In the Criminal Justice and Immigration Bill 2007, the British Government cited the Spanner case as justification for criminalizing images of consensual acts, as part of its proposed criminalization of possession of “extreme pornography”, which criminalization eventually occurred in 2009. That 2009 law (as the Spanner Trust’s website notes), “makes it illegal to possess pornographic images which show an act which threatens a person’s life, an act which results, or is likely to result, in serious injury to a person’s anus, breasts or genitals, an act which involves sexual interference with a human corpse, or a person performing an act of intercourse or oral sex with an animal (whether dead or alive).” There was an unsuccessful prosecution in the United Kingdom in 2012 where it was argued by the prosecution that images of anal fisting constitute extreme pornography and thus are illegal to possess because the act is “likely to result in serious injury to a person’s anus, breasts or genitals”. Specifically, in August 2012, Simon Walsh, a former aide to then London mayor Boris Johnson, was charged with possessing five images of “extreme pornography”, which were not found by police on his computers, but as email attachments on a Hotmail server account. He was found not guilty on all counts. Three images were of urethral sounding, and two of anal fisting. The images were all of consensual adult sexual activity. The Crown Prosecution Service maintained that the acts depicted were “extreme” even if the jury disagreed in this case.

Notable Related Organizations

SM Gays is a British group formed to encourage gay men who practice SM (meaning sadism and masochism) to do so safely. It was founded in London in July of 1981. SM Gays provided the infrastructure that started Countdown on Spanner, which began in 1992 and helped organize and finance the legal defense of men targeted by Operation Spanner. In 1996, Countdown on Spanner received the Large Nonprofit Organization of the Year award as part of the Pantheon of Leather Awards.
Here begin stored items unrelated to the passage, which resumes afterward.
lemma task_dist_le_gen_err_add_gen_err:
  fixes \<rho> :: "'p \<Rightarrow> 'x::finite \<Rightarrow> complex^'n::finite^'n"
  assumes "\<forall>x. density (\<rho> \<theta> x)" "\<forall>x. density (\<rho> \<theta>' x)"
    and "risk_opt p \<rho> \<theta>' \<le> risk_opt p \<rho> \<theta>"
    and "(INF M\<in>POVMs. emp_risk D \<rho> \<theta> M) \<le> (INF M\<in>POVMs. emp_risk D \<rho> \<theta>' M)"
  shows "task_dist p \<rho> \<theta> \<theta>' \<le> gen_err p D \<rho> \<theta> + gen_err p D \<rho> \<theta>'"
  using assms risk_opt_le_INF_emp_risk_add_gen_err[of \<rho> \<theta> p D, OF assms(1)]
    INF_emp_risk_le_risk_opt_add_gen_err[of \<rho> \<theta>' D p, OF assms(2)]
  unfolding task_dist_def by linarith

theorem lemmaB1:
  fixes \<Theta> :: "'p set"
    and \<rho> :: "'p \<Rightarrow> 'x::finite \<Rightarrow> complex^'n::finite^'n"
    and pS pT :: "(bool \<times> 'x) pmf"
    and DS DT :: "(bool \<times> 'x) list"
    and thS thT th_hat :: 'p
    and MT_hat :: "bool \<Rightarrow> complex^'n^'n"
    and D_ST :: real
  assumes rho: "\<forall>\<theta>\<in>\<Theta>. \<forall>x. density (\<rho> \<theta> x)"
    and thS: "thS \<in> \<Theta>" "\<forall>\<theta>\<in>\<Theta>. risk_opt pS \<rho> thS \<le> risk_opt pS \<rho> \<theta>"
    and thT: "thT \<in> \<Theta>" "\<forall>\<theta>\<in>\<Theta>. risk_opt pT \<rho> thT \<le> risk_opt pT \<rho> \<theta>"
    and th_hat: "th_hat \<in> \<Theta>"
      "\<forall>\<theta>\<in>\<Theta>. (INF M\<in>POVMs. emp_risk DS \<rho> th_hat M) \<le> (INF M\<in>POVMs. emp_risk DS \<rho> \<theta> M)"
    and MT_hat: "MT_hat \<in> POVMs" "\<forall>M\<in>POVMs. emp_risk DT \<rho> th_hat MT_hat \<le> emp_risk DT \<rho> th_hat M"
  shows
    "(((\<exists>a\<in>\<Theta>. \<exists>b\<in>\<Theta>. a \<noteq> b) \<and>
      (\<forall>\<theta>\<in>\<Theta>. task_dist pT \<rho> \<theta> thT \<le> task_dist pS \<rho> \<theta> thS + D_ST)) \<longrightarrow>
       risk pT \<rho> th_hat MT_hat - (INF \<theta>\<in>\<Theta>. risk_opt pT \<rho> \<theta>)
         \<le> 2 * gen_err pT DT \<rho> th_hat + task_dist pS \<rho> th_hat thS + D_ST
     \<and> 2 * gen_err pT DT \<rho> th_hat + task_dist pS \<rho> th_hat thS + D_ST
         \<le> 2 * gen_err pT DT \<rho> th_hat + (SUP \<theta>\<in>\<Theta>. gen_err pS DS \<rho> \<theta>)
             + gen_err pS DS \<rho> thS + D_ST)
     \<and> (\<forall>\<theta>. \<Theta> = {\<theta>} \<longrightarrow>
       risk pT \<rho> th_hat MT_hat - (INF \<theta>'\<in>\<Theta>. risk_opt pT \<rho> \<theta>') \<le> 2 * gen_err pT DT \<rho> \<theta>)"
proof -
  have density_hat: "\<forall>x. density (\<rho> th_hat x)" and density_S: "\<forall>x. density (\<rho> thS x)"
    using rho th_hat(1) thS(1) by auto
  have INF_target: "(INF \<theta>\<in>\<Theta>. risk_opt pT \<rho> \<theta>) = risk_opt pT \<rho> thT"
    using thT by (intro cInf_eq_minimum) auto
  have excess: "risk pT \<rho> th_hat MT_hat - (INF \<theta>\<in>\<Theta>. risk_opt pT \<rho> \<theta>)
      \<le> 2 * gen_err pT DT \<rho> th_hat + (risk_opt pT \<rho> th_hat - risk_opt pT \<rho> thT)"
    using risk_emp_risk_minimiser_le[of \<rho> th_hat, OF density_hat MT_hat, of pT] INF_target by linarith
  have transfer: "risk_opt pT \<rho> th_hat - risk_opt pT \<rho> thT \<le> task_dist pS \<rho> th_hat thS + D_ST"
    if "\<forall>\<theta>\<in>\<Theta>. task_dist pT \<rho> \<theta> thT \<le> task_dist pS \<rho> \<theta> thS + D_ST"
    using that th_hat(1) unfolding task_dist_def by fastforce
  have source: "task_dist pS \<rho> th_hat thS \<le> gen_err pS DS \<rho> th_hat + gen_err pS DS \<rho> thS"
    using thS th_hat density_hat density_S by (intro task_dist_le_gen_err_add_gen_err) auto
  have SUP_source: "gen_err pS DS \<rho> th_hat \<le> (SUP \<theta>\<in>\<Theta>. gen_err pS DS \<rho> \<theta>)"
    using rho th_hat(1) by (rule gen_err_le_SUP_gen_err)
  have singleton: "th_hat = \<theta> \<and> thT = \<theta>" if "\<Theta> = {\<theta>}" for \<theta>
    using that th_hat(1) thT(1) by auto
  show ?thesis
    using excess source SUP_source
    by (intro conjI impI allI) (use transfer in fastforce, linarith, use singleton in fastforce)
qed

end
The Spanner Trust is an organization in the United Kingdom set up in 1995 to provide assistance to the Operation Spanner defendants, lobby for a change in British law to legalize sadomasochism (meaning sadism and masochism), and provide assistance to any person subjected to discrimination because of their consensual sexual behavior.

Other

On 28 November 1992, the first SM Pride parade was held, inspired by the Operation Spanner case, with more than 700 people marching through Central London. An SM pride parade has been held in London every year since.